Would be nice to know exactly.

But even 4% data loss in my opinion should not lead to DQ. Sometimes can bad sectors occur, o other HW issues might cause some of data loss.
But then node operator can copy all good data to the new drive. And can run the node further. Of course there can be some “panalties” or something like that for data loss. But node DQ does not look the right way to treat the node operators. Because it is not operators fault if HW fails.

node1 · December 29, 2023, 8:24pm

I’m using rsync not for recover the data. I’m using rsync to transfer data to the new drive
But will take a look at your recommended “ddrescue”.

By the way fsck passes this disk only with some minor issues.

Thank you.

daki82 · December 29, 2023, 8:24pm

its not about threatment of operators, its about integrity of the whole network.
this has top prio over every node. whos fault is not the factor here.

node1 · December 29, 2023, 8:28pm

Lets say 80% data transferred to new hdd and working there great. What is the reason to destroy it?

Ruskiem · December 29, 2023, 8:43pm

my experience is forget rsync, just take it offline and clone it in less than 1-2h with some program or with some docker station (like this https://www.youtube.com/watch?v=mFwdZplM9bg) even 1-2 days offline is nothing, and will recover fast, but You have fullcontro and can check the disk and make sure everything cloned.

daki82 · December 29, 2023, 8:43pm

Satelites decide for themselve if the audited data is enough to keep the dataset (there are 4) active or not, if to much is lost, its to much, however the other satelites may continue with the node.
no matter how good the new disk is.

We sno face it all someday the drive dies. Then we decide start over with new node or let it rest, hopefully profitable. But under normal circumstances you can have more than one node running before the first drive dies.

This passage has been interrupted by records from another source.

lemma add_mod_closed_eq_residues:
  fixes p :: nat
  assumes "prime p" "A \<subseteq> {..<p}" "a \<in> A" "0 < d" "d < p"
    and closed: "\<And>x. x \<in> A \<Longrightarrow> (x + d) mod p \<in> A"
  shows "A = {..<p}"
proof
  have orbit: "(a + n * d) mod p \<in> A" for n
  proof (induction n)
    case 0
    then show ?case using assms(2,3) by auto
  next
    case (Suc n)
    have "(a + Suc n * d) mod p = ((a + n * d) mod p + d) mod p"
      by (metis add.assoc mult_Suc add.commute mod_add_left_eq)
    then show ?case using closed[OF Suc] by simp
  qed
  have "coprime d p"
    using assms(1,4,5) by (metis coprime_commute nat_dvd_not_less prime_imp_coprime_nat)
  then obtain u where u: "[d * u = 1] (mod p)"
    using cong_solve_coprime_nat by auto
  show "{..<p} \<subseteq> A"
  proof
    fix y assume y: "y \<in> {..<p}"
    have "[a + (u * (y + p - a)) * d = a + (d * u) * (y + p - a)] (mod p)"
      by (simp only: mult_ac cong_refl)
    also have "[a + (d * u) * (y + p - a) = a + 1 * (y + p - a)] (mod p)"
      by (intro cong_add cong_mult u cong_refl)
    also have "a + 1 * (y + p - a) = y + p"
      using assms(2,3) by auto
    also have "[y + p = y] (mod p)"
      by (simp add: cong_def)
    finally show "y \<in> A"
      using orbit[of "u * (y + p - a)"] y by (simp add: cong_def)
  qed
qed (use assms(2) in auto)

lemma exists_separating_shift:
  fixes p :: nat
  assumes "prime p" "A \<subseteq> {..<p}" "A \<noteq> {}" "A \<noteq> {..<p}"
    and "b < p" "b' < p" "b \<noteq> b'"
  shows "\<exists>e. (b + e) mod p \<in> A \<and> (b' + e) mod p \<notin> A"
proof -
  define d where "d = (b' + p - b) mod p"
  have "d \<noteq> 0"
  proof
    assume "d = 0"
    then have "p dvd b' + p - b" unfolding d_def by auto
    moreover have "0 < b' + p - b" "b' + p - b < 2 * p" "b' + p - b \<noteq> p"
      using assms(5-7) by auto
    ultimately show False by (auto elim!: dvdE simp: less_2_cases_iff)
  qed
  moreover have "d < p"
    unfolding d_def using assms(5) by auto
  ultimately obtain a where a: "a \<in> A" "(a + d) mod p \<notin> A"
    using add_mod_closed_eq_residues[OF assms(1,2)] assms(3,4) by blast
  have "a < p" using a(1) assms(2) by auto
  define e where "e = (a + p - b) mod p"
  have "(b + e) mod p = (a + p) mod p"
    unfolding e_def using assms(5) by (simp add: mod_add_right_eq)
  moreover have "(b' + e) mod p = (a + d) mod p"
    unfolding e_def d_def using assms(5) by (simp add: mod_add_right_eq mod_add_left_eq algebra_simps)
  ultimately show ?thesis
    using a \<open>a < p\<close> by auto
qed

depends on the distribution over the satelites, if the missing data is distributed over lets say 1% 1% 1% 17% then only one satelite will refuse to work with the node (thats what disqualifikation means technicaly)

Roxor · December 29, 2023, 9:12pm

I doubt fault has anything to do with it - though if a SNO has a HW failure: it’s exclusively their problem. Repairing lost data has a cost (paid to other SNOs) and the company has to maintain the satellites to detect and deal with it. I can understand Storj not wanting to continue to pay a SNO who has destroyed a certain amount of customer data.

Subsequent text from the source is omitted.